In the RWG structure shown in FIG. 3A, when forming a mesa structure having a width of several μm by etching the upper cladding layer 305, etching is stopped above the active layer 302. Since the active layer portion is not etched, excessive damage to the active layer is not caused, which is advantageous in terms of highly reliable operation of the laser. On the other hand, in the BH structure shown in FIG. 3B, when forming a mesa, etching is performed deeply enough to a portion below the active layer 310. Further, a high-insulating semiconductor layer 316 is again buried in both sides of the mesa including the active layer. Therefore, sides of the active layer may be damaged during mesa etching, and its quality may be degraded. Particularly, in the active layers including an InGaAlAs material for 1.3 μm wavelength band containing high-content Al atoms, a chemically robust oxides is formed at the side of the active layer after the mesa etching process. As a result, a better buried hetero epitaxial growth is disturbed. Therefore, in order to overcome this difficulty, a special treatment for the side of the active layer is often necessary just before a crystal growth, and, thus, it is not easy to realize highly reliable operation of the laser.

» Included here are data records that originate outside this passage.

(* For all bunches $\Delta$ and formulas $\varphi,\psi$: if $\Delta\vdash_{\mathsf{cf}}\varphi-\!\!\ast\,\psi$ then $\Delta\mathbin{,}\varphi\vdash_{\mathsf{cf}}\psi$; and if $\Delta\vdash_{\mathsf{cf}}\varphi\to\psi$ then $\Delta\mathbin{;}\varphi\vdash_{\mathsf{cf}}\psi$.
   Context: Formulas of BI: $\varphi,\psi ::= \top \mid \bot \mid \varphi\wedge\psi \mid \varphi\vee\psi \mid \varphi\to\psi \mid \mathsf{emp} \mid \varphi\ast\psi \mid \varphi -\!\!\ast\, \psi \mid a$, $a\in\mathrm{Atom}$. Bunches are finite binary trees whose leaves are formulas or empty bunches $\varnothing_m,\varnothing_a$ and whose internal nodes are labelled by the multiplicative comma ($\Delta_1\mathbin{,}\Delta_2$) or the additive semicolon ($\Delta_1\mathbin{;}\Delta_2$). A bunched context $\Delta(-)$ is a bunch with one leaf replaced by a hole; $\Delta(\Gamma)$ fills it with $\Gamma$. Bunch equivalence $\equiv$ is the least equivalence relation making $\mathbin{,}$ commutative, associative with unit $\varnothing_m$, $\mathbin{;}$ commutative, associative with unit $\varnothing_a$, and closed under contexts. The cut-free BI sequent calculus ($\Delta\vdash_{\mathsf{cf}}\varphi$) has the rules: (ax) $a\vdash a$ for atoms $a$; (equiv) from $\Delta'\vdash\varphi$, $\Delta\equiv\Delta'$ infer $\Delta\vdash\varphi$; (W;) from $\Delta(\Delta_1)\vdash\varphi$ infer $\Delta(\Delta_1\mathbin{;}\Delta_2)\vdash\varphi$; (C;) from $\Delta(\Delta_1\mathbin{;}\Delta_1)\vdash\varphi$ infer $\Delta(\Delta_1)\vdash\varphi$; (empR) $\varnothing_m\vdash\mathsf{emp}$; (empL) from $\Delta(\varnothing_m)\vdash\varphi$ infer $\Delta(\mathsf{emp})\vdash\varphi$; ($\ast$R) from $\Delta_1\vdash\varphi$, $\Delta_2\vdash\psi$ infer $\Delta_1\mathbin{,}\Delta_2\vdash\varphi\ast\psi$; ($\ast$L) from $\Delta(\varphi\mathbin{,}\psi)\vdash\chi$ infer $\Delta(\varphi\ast\psi)\vdash\chi$; ($-\!\ast$R) from $\Delta\mathbin{,}\varphi\vdash\psi$ infer $\Delta\vdash\varphi-\!\!\ast\,\psi$; ($-\!\ast$L) from $\Delta_1\vdash\varphi$, $\Delta(\Delta_2\mathbin{,}\psi)\vdash\chi$ infer $\Delta((\Delta_1\mathbin{,}\Delta_2)\mathbin{,}(\varphi-\!\!\ast\,\psi))\vdash\chi$; ($\top$R) $\varnothing_a\vdash\top$; ($\top$L) from $\Delta(\varnothing_a)\vdash\varphi$ infer $\Delta(\top)\vdash\varphi$; ($\wedge$R) from $\Delta_1\vdash\varphi$, $\Delta_2\vdash\psi$ infer $\Delta_1\mathbin{;}\Delta_2\vdash\varphi\wedge\psi$; ($\wedge$L) from $\Delta(\varphi\mathbin{;}\psi)\vdash\chi$ infer $\Delta(\varphi\wedge\psi)\vdash\chi$; ($\to$R) from $\Delta\mathbin{;}\varphi\vdash\psi$ infer $\Delta\vdash\varphi\to\psi$; ($\to$L) from $\Delta_1\vdash\varphi$, $\Delta(\Delta_2\mathbin{;}\psi)\vdash\chi$ infer $\Delta((\Delta_1\mathbin{;}\Delta_2)\mathbin{;}(\varphi\to\psi))\vdash\chi$; ($\bot$L) $\Delta(\bot)\vdash\varphi$; ($\vee$R1/2) from $\Delta\vdash\varphi$ (resp. $\Delta\vdash\psi$) infer $\Delta\vdash\varphi\vee\psi$; ($\vee$L) from $\Delta(\varphi)\vdash\chi$, $\Delta(\psi)\vdash\chi$ infer $\Delta(\varphi\vee\psi)\vdash\chi$. (No cut rule.) A formula used as a bunch denotes the single-leaf bunch. *)

theory Defs
  imports Main
begin

datatype 'a form =
    FTop | FBot | FAnd "'a form" "'a form" | FOr "'a form" "'a form"
  | FImp "'a form" "'a form" | FEmp | FStar "'a form" "'a form"
  | FWand "'a form" "'a form" | FAtom 'a

datatype 'a bunch =
    BForm "'a form" | EmpM | EmpA
  | Comma "'a bunch" "'a bunch" | Semi "'a bunch" "'a bunch"

datatype 'a bctx =
    Hole
  | CommaL "'a bctx" "'a bunch" | CommaR "'a bunch" "'a bctx"
  | SemiL "'a bctx" "'a bunch" | SemiR "'a bunch" "'a bctx"

primrec fill :: "'a bctx \<Rightarrow> 'a bunch \<Rightarrow> 'a bunch" where
  "fill Hole G = G"
| "fill (CommaL C D) G = Comma (fill C G) D"
| "fill (CommaR D C) G = Comma D (fill C G)"
| "fill (SemiL C D) G = Semi (fill C G) D"
| "fill (SemiR D C) G = Semi D (fill C G)"

inductive beq :: "'a bunch \<Rightarrow> 'a bunch \<Rightarrow> bool" where
  refl: "beq D D"
| sym: "beq D E \<Longrightarrow> beq E D"
| trans: "beq D E \<Longrightarrow> beq E F \<Longrightarrow> beq D F"
| comma_comm: "beq (Comma D E) (Comma E D)"
| comma_assoc: "beq (Comma D (Comma E F)) (Comma (Comma D E) F)"
| comma_unit: "beq (Comma D EmpM) D"
| semi_comm: "beq (Semi D E) (Semi E D)"
| semi_assoc: "beq (Semi D (Semi E F)) (Semi (Semi D E) F)"
| semi_unit: "beq (Semi D EmpA) D"
| ctx: "beq D E \<Longrightarrow> beq (fill C D) (fill C E)"

inductive cf :: "'a bunch \<Rightarrow> 'a form \<Rightarrow> bool" where
  ax: "cf (BForm (FAtom a)) (FAtom a)"
| equiv: "cf D' phi \<Longrightarrow> beq D D' \<Longrightarrow> cf D phi"
| weakS: "cf (fill C D1) phi \<Longrightarrow> cf (fill C (Semi D1 D2)) phi"
| contrS: "cf (fill C (Semi D1 D1)) phi \<Longrightarrow> cf (fill C D1) phi"
| empR: "cf EmpM FEmp"
| empL: "cf (fill C EmpM) phi \<Longrightarrow> cf (fill C (BForm FEmp)) phi"
| starR: "cf D1 phi \<Longrightarrow> cf D2 psi \<Longrightarrow> cf (Comma D1 D2) (FStar phi psi)"
| starL: "cf (fill C (Comma (BForm phi) (BForm psi))) chi \<Longrightarrow> cf (fill C (BForm (FStar phi psi))) chi"
| wandR: "cf (Comma D (BForm phi)) psi \<Longrightarrow> cf D (FWand phi psi)"
| wandL: "cf D1 phi \<Longrightarrow> cf (fill C (Comma D2 (BForm psi))) chi \<Longrightarrow>
          cf (fill C (Comma (Comma D1 D2) (BForm (FWand phi psi)))) chi"
| topR: "cf EmpA FTop"
| topL: "cf (fill C EmpA) phi \<Longrightarrow> cf (fill C (BForm FTop)) phi"
| andR: "cf D1 phi \<Longrightarrow> cf D2 psi \<Longrightarrow> cf (Semi D1 D2) (FAnd phi psi)"
| andL: "cf (fill C (Semi (BForm phi) (BForm psi))) chi \<Longrightarrow> cf (fill C (BForm (FAnd phi psi))) chi"
| impR: "cf (Semi D (BForm phi)) psi \<Longrightarrow> cf D (FImp phi psi)"
| impL: "cf D1 phi \<Longrightarrow> cf (fill C (Semi D2 (BForm psi))) chi \<Longrightarrow>
          cf (fill C (Semi (Semi D1 D2) (BForm (FImp phi psi)))) chi"
| botL: "cf (fill C (BForm FBot)) phi"
| orR1: "cf D phi \<Longrightarrow> cf D (FOr phi psi)"
| orR2: "cf D psi \<Longrightarrow> cf D (FOr phi psi)"
| orL: "cf (fill C (BForm phi)) chi \<Longrightarrow> cf (fill C (BForm psi)) chi \<Longrightarrow> cf (fill C (BForm (FOr phi psi))) chi"

end

theory Submission
  imports Defs
begin

primrec ctx_comp :: "'a bctx \<Rightarrow> 'a bctx \<Rightarrow> 'a bctx" where
  "ctx_comp Hole C' = C'"
| "ctx_comp (CommaL C D) C' = CommaL (ctx_comp C C') D"
| "ctx_comp (CommaR D C) C' = CommaR D (ctx_comp C C')"
| "ctx_comp (SemiL C D) C' = SemiL (ctx_comp C C') D"
| "ctx_comp (SemiR D C) C' = SemiR D (ctx_comp C C')"

lemma fill_ctx_comp: "fill (ctx_comp C C') G = fill C (fill C' G)"
  by (induction C) auto

lemma cf_wand_imp_inversion:
  assumes "cf D chi"
    and "chi = FWand phi psi \<and> E = CommaL Hole (BForm phi)
       \<or> chi = FImp phi psi \<and> E = SemiL Hole (BForm phi)"
  shows "cf (fill E D) psi"
  using assms
proof (induction rule: cf.induct)
  (* A left or structural inference in context C is the same inference in context ctx_comp E C;
     among the right rules only wandR and impR conclude a wand or an implication, and their
     premises are exactly the goal. *)
  case (equiv D' chi D)
  then show ?case by (metis beq.ctx cf.equiv)
qed (auto simp flip: fill_ctx_comp intro: cf.intros)

theorem lemma3p2:
  fixes D :: "'a bunch" and phi psi :: "'a form"
  shows "(cf D (FWand phi psi) \<longrightarrow> cf (Comma D (BForm phi)) psi)
       \<and> (cf D (FImp phi psi) \<longrightarrow> cf (Semi D (BForm phi)) psi)"
  using cf_wand_imp_inversion by fastforce

end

Further, as described earlier, when integrating slant reflectors in the window region, in order to increase its reflective efficiency of the laser beam and allow the laser beams to focus on the lens effectively, a precise control of the etching angle of the slant reflector is indispensable. Since the slant reflectors are formed by dry etching or wet etching, when considering the controllability of the etching angle, it is preferred that a surface of the window region before etching should be flat. When comparing the RWG structure with the BH structure from this point of view, the surface of the window region of RWG structure in which the p-InP cladding layer 303 is re-grown on a surface where the active layer 302 and the InGaAsP layer 306 are smoothly joined in lateral direction, is more flatter than that of the BH structure in which the semi-insulating InP buried layer 316 is re-grown on a surface with a large thickness difference of more than 2 μm formed by mesa etching. It is preferred that the surface is flat in terms of manufacturing an laser with a high yield in the manufacturing process to be followed. Therefore, for the short cavity type of a laser, when comparing the RWG structure with the BH structure in terms of reliable operation and surface flatness, it is understood that the RWG structure is more advantageous than the BH structure.